text \<open>Fubini in the frequency variable: for fixed x, integrating the Gaussian-damped modulated
  conjugate transform against k produces the heat kernel.\<close>
lemma gaussian_smoothing_inner:
  assumes hi: "integrable lborel h" and s: "s > 0"
  shows "(LINT k|lborel. exp (-(s*k)\<^sup>2/2) *\<^sub>R (exp (- (\<i> * complex_of_real (k * x))) * cnj (ft_integral h k)))
       = (LINT y|lborel. cnj (h y) * complex_of_real (gauss_kernel s x y))"
proof -
  have [measurable]: "h \<in> borel_measurable borel" using hi by auto
  define \<phi> where "\<phi> = (\<lambda>k::real. exp (-(s*k)\<^sup>2/2))"
  have modulate: "exp (- (\<i> * complex_of_real (k * x))) * (exp (\<i> * complex_of_real (k * y)) * w)
      = exp (\<i> * complex_of_real (k * (y - x))) * w" for k y w
  proof -
    have "- (\<i> * complex_of_real (k * x)) + \<i> * complex_of_real (k * y) = \<i> * complex_of_real (k * (y - x))"
      by (simp add: algebra_simps)
    then show ?thesis by (simp only: mult.assoc[symmetric] exp_add[symmetric])
  qed
  have joint: "integrable (lborel \<Otimes>\<^sub>M lborel) (\<lambda>(k,y). \<phi> k *\<^sub>R (exp (\<i> * complex_of_real (k * (y - x))) * cnj (h y)))"
  proof (rule integrable_pair_bound[where a=\<phi> and b="\<lambda>y. cmod (h y)"])
    show "integrable lborel \<phi>" unfolding \<phi>_def by (rule gaussian_integrable[OF s])
    show "integrable lborel (\<lambda>y. cmod (h y))" using hi by simp
    show "norm ((\<lambda>(k,y). \<phi> k *\<^sub>R (exp (\<i> * complex_of_real (k * (y - x))) * cnj (h y))) (k, y)) \<le> \<phi> k * cmod (h y)" for k y
      by (simp add: \<phi>_def norm_mult)
  qed (simp add: \<phi>_def; measurable)
  have "(LINT k|lborel. \<phi> k *\<^sub>R (exp (- (\<i> * complex_of_real (k * x))) * cnj (ft_integral h k)))
      = (LINT k|lborel. LINT y|lborel. \<phi> k *\<^sub>R (exp (\<i> * complex_of_real (k * (y - x))) * cnj (h y)))"
  proof (rule Bochner_Integration.integral_cong[OF refl])
    fix k
    have "(LINT y|lborel. \<phi> k *\<^sub>R (exp (\<i> * complex_of_real (k * (y - x))) * cnj (h y)))
        = \<phi> k *\<^sub>R (LINT y|lborel. exp (- (\<i> * complex_of_real (k * x))) * (exp (\<i> * complex_of_real (k * y)) * cnj (h y)))"
      by (simp only: integral_scaleR_right modulate)
    also have "\<dots> = \<phi> k *\<^sub>R (exp (- (\<i> * complex_of_real (k * x))) * cnj (ft_integral h k))"
      by (simp only: integral_mult_right_zero cnj_ft_integral)
    finally show "\<phi> k *\<^sub>R (exp (- (\<i> * complex_of_real (k * x))) * cnj (ft_integral h k))
        = (LINT y|lborel. \<phi> k *\<^sub>R (exp (\<i> * complex_of_real (k * (y - x))) * cnj (h y)))" ..
  qed
  also have "\<dots> = (LINT y|lborel. LINT k|lborel. \<phi> k *\<^sub>R (exp (\<i> * complex_of_real (k * (y - x))) * cnj (h y)))"
    using pair_sigma_finite.Fubini_integral[OF _ joint] by (simp add: pair_sigma_finite_def lborel.sigma_finite_measure_axioms)
  also have "\<dots> = (LINT y|lborel. cnj (h y) * complex_of_real (gauss_kernel s x y))"
  proof (rule Bochner_Integration.integral_cong[OF refl])
    fix y
    have "\<And>k. \<phi> k *\<^sub>R (exp (\<i> * complex_of_real (k * (y - x))) * cnj (h y)) = cnj (h y) * (exp (-(s*k)\<^sup>2/2) *\<^sub>R iexp (k*(y-x)))"
      by (simp only: \<phi>_def scaleR_conv_of_real mult_ac)
    then show "(LINT k|lborel. \<phi> k *\<^sub>R (exp (\<i> * complex_of_real (k * (y - x))) * cnj (h y)))
        = cnj (h y) * complex_of_real (gauss_kernel s x y)"
      by (simp only: integral_mult_right_zero fourier_gaussian[OF s])
  qed
  finally show ?thesis unfolding \<phi>_def .
qed

lemma gaussian_smoothed_energy:
  assumes hi: "integrable lborel h" and s: "s > 0"
  shows "complex_of_real (LINT k|lborel. exp (-(s*k)\<^sup>2/2) * (cmod (ft_integral h k))\<^sup>2)
       = (LINT x|lborel. h x * (LINT y|lborel. cnj (h y) * complex_of_real (gauss_kernel s x y)))"
proof -
  have [measurable]: "h \<in> borel_measurable borel" using hi by auto
  define \<phi> where "\<phi> = (\<lambda>k::real. exp (-(s*k)\<^sup>2/2))"
  define F where "F = ft_integral h"
  define N where "N = (LINT x|lborel. cmod (h x))"
  have joint: "integrable (lborel \<Otimes>\<^sub>M lborel) (\<lambda>(k,x). \<phi> k *\<^sub>R (exp (- (\<i> * complex_of_real (k * x))) * h x * cnj (F k)))"
  proof (rule integrable_pair_bound[where a="\<lambda>k. \<phi> k * N" and b="\<lambda>x. cmod (h x)"])
    fix k x
    have "\<phi> k * (cmod (F k) * cmod (h x)) \<le> \<phi> k * (N * cmod (h x))"
      using norm_ft_integral_le[of h k] by (intro mult_left_mono mult_right_mono) (auto simp: \<phi>_def F_def N_def)
    then show "norm ((\<lambda>(k,x). \<phi> k *\<^sub>R (exp (- (\<i> * complex_of_real (k * x))) * h x * cnj (F k))) (k, x)) \<le> \<phi> k * N * cmod (h x)"
      by (simp add: \<phi>_def norm_mult mult_ac)
  next
    show "integrable lborel (\<lambda>k. \<phi> k * N)" unfolding \<phi>_def using gaussian_integrable[OF s] by simp
    show "integrable lborel (\<lambda>x. cmod (h x))" using hi by simp
  qed (simp add: \<phi>_def F_def; measurable)
  have "complex_of_real (LINT k|lborel. \<phi> k * (cmod (F k))\<^sup>2) = (LINT k|lborel. \<phi> k *\<^sub>R (F k * cnj (F k)))"
  proof -
    have "\<And>k. \<phi> k *\<^sub>R (F k * cnj (F k)) = complex_of_real (\<phi> k * (cmod (F k))\<^sup>2)"
      unfolding complex_norm_square[symmetric] by (simp add: scaleR_conv_of_real)
    then show ?thesis by (simp only: integral_complex_of_real)
  qed
  also have "\<dots> = (LINT k|lborel. LINT x|lborel. \<phi> k *\<^sub>R (exp (- (\<i> * complex_of_real (k * x))) * h x * cnj (F k)))"
    unfolding F_def ft_integral_def
    by (rule Bochner_Integration.integral_cong[OF refl]) (simp only: integral_scaleR_right integral_mult_left_zero)
  also have "\<dots> = (LINT x|lborel. LINT k|lborel. \<phi> k *\<^sub>R (exp (- (\<i> * complex_of_real (k * x))) * h x * cnj (F k)))"
    using pair_sigma_finite.Fubini_integral[OF _ joint] by (simp add: pair_sigma_finite_def lborel.sigma_finite_measure_axioms)
  also have "\<dots> = (LINT x|lborel. h x * (LINT k|lborel. \<phi> k *\<^sub>R (exp (- (\<i> * complex_of_real (k * x))) * cnj (F k))))"
    by (simp only: scaleR_conv_of_real mult_ac integral_mult_right_zero)
  also have "\<dots> = (LINT x|lborel. h x * (LINT y|lborel. cnj (h y) * complex_of_real (gauss_kernel s x y)))"
    unfolding \<phi>_def F_def gaussian_smoothing_inner[OF hi s] ..
  finally show ?thesis unfolding \<phi>_def F_def .
qed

** AIM OF THE EXERCISE **
Reproduce the lines of the records exactly, from the first one through the line that contains "k|lborel. LINT y|lborel.".

** WRITTEN ANSWER **
text \<open>Fubini in the frequency variable: for fixed x, integrating the Gaussian-damped modulated
  conjugate transform against k produces the heat kernel.\<close>
lemma gaussian_smoothing_inner:
  assumes hi: "integrable lborel h" and s: "s > 0"
  shows "(LINT k|lborel. exp (-(s*k)\<^sup>2/2) *\<^sub>R (exp (- (\<i> * complex_of_real (k * x))) * cnj (ft_integral h k)))
       = (LINT y|lborel. cnj (h y) * complex_of_real (gauss_kernel s x y))"
proof -
  have [measurable]: "h \<in> borel_measurable borel" using hi by auto
  define \<phi> where "\<phi> = (\<lambda>k::real. exp (-(s*k)\<^sup>2/2))"
  have modulate: "exp (- (\<i> * complex_of_real (k * x))) * (exp (\<i> * complex_of_real (k * y)) * w)
      = exp (\<i> * complex_of_real (k * (y - x))) * w" for k y w
  proof -
    have "- (\<i> * complex_of_real (k * x)) + \<i> * complex_of_real (k * y) = \<i> * complex_of_real (k * (y - x))"
      by (simp add: algebra_simps)
    then show ?thesis by (simp only: mult.assoc[symmetric] exp_add[symmetric])
  qed
  have joint: "integrable (lborel \<Otimes>\<^sub>M lborel) (\<lambda>(k,y). \<phi> k *\<^sub>R (exp (\<i> * complex_of_real (k * (y - x))) * cnj (h y)))"
  proof (rule integrable_pair_bound[where a=\<phi> and b="\<lambda>y. cmod (h y)"])
    show "integrable lborel \<phi>" unfolding \<phi>_def by (rule gaussian_integrable[OF s])
    show "integrable lborel (\<lambda>y. cmod (h y))" using hi by simp
    show "norm ((\<lambda>(k,y). \<phi> k *\<^sub>R (exp (\<i> * complex_of_real (k * (y - x))) * cnj (h y))) (k, y)) \<le> \<phi> k * cmod (h y)" for k y
      by (simp add: \<phi>_def norm_mult)
  qed (simp add: \<phi>_def; measurable)
  have "(LINT k|lborel. \<phi> k *\<^sub>R (exp (- (\<i> * complex_of_real (k * x))) * cnj (ft_integral h k)))
      = (LINT k|lborel. LINT y|lborel. \<phi> k *\<^sub>R (exp (\<i> * complex_of_real (k * (y - x))) * cnj (h y)))"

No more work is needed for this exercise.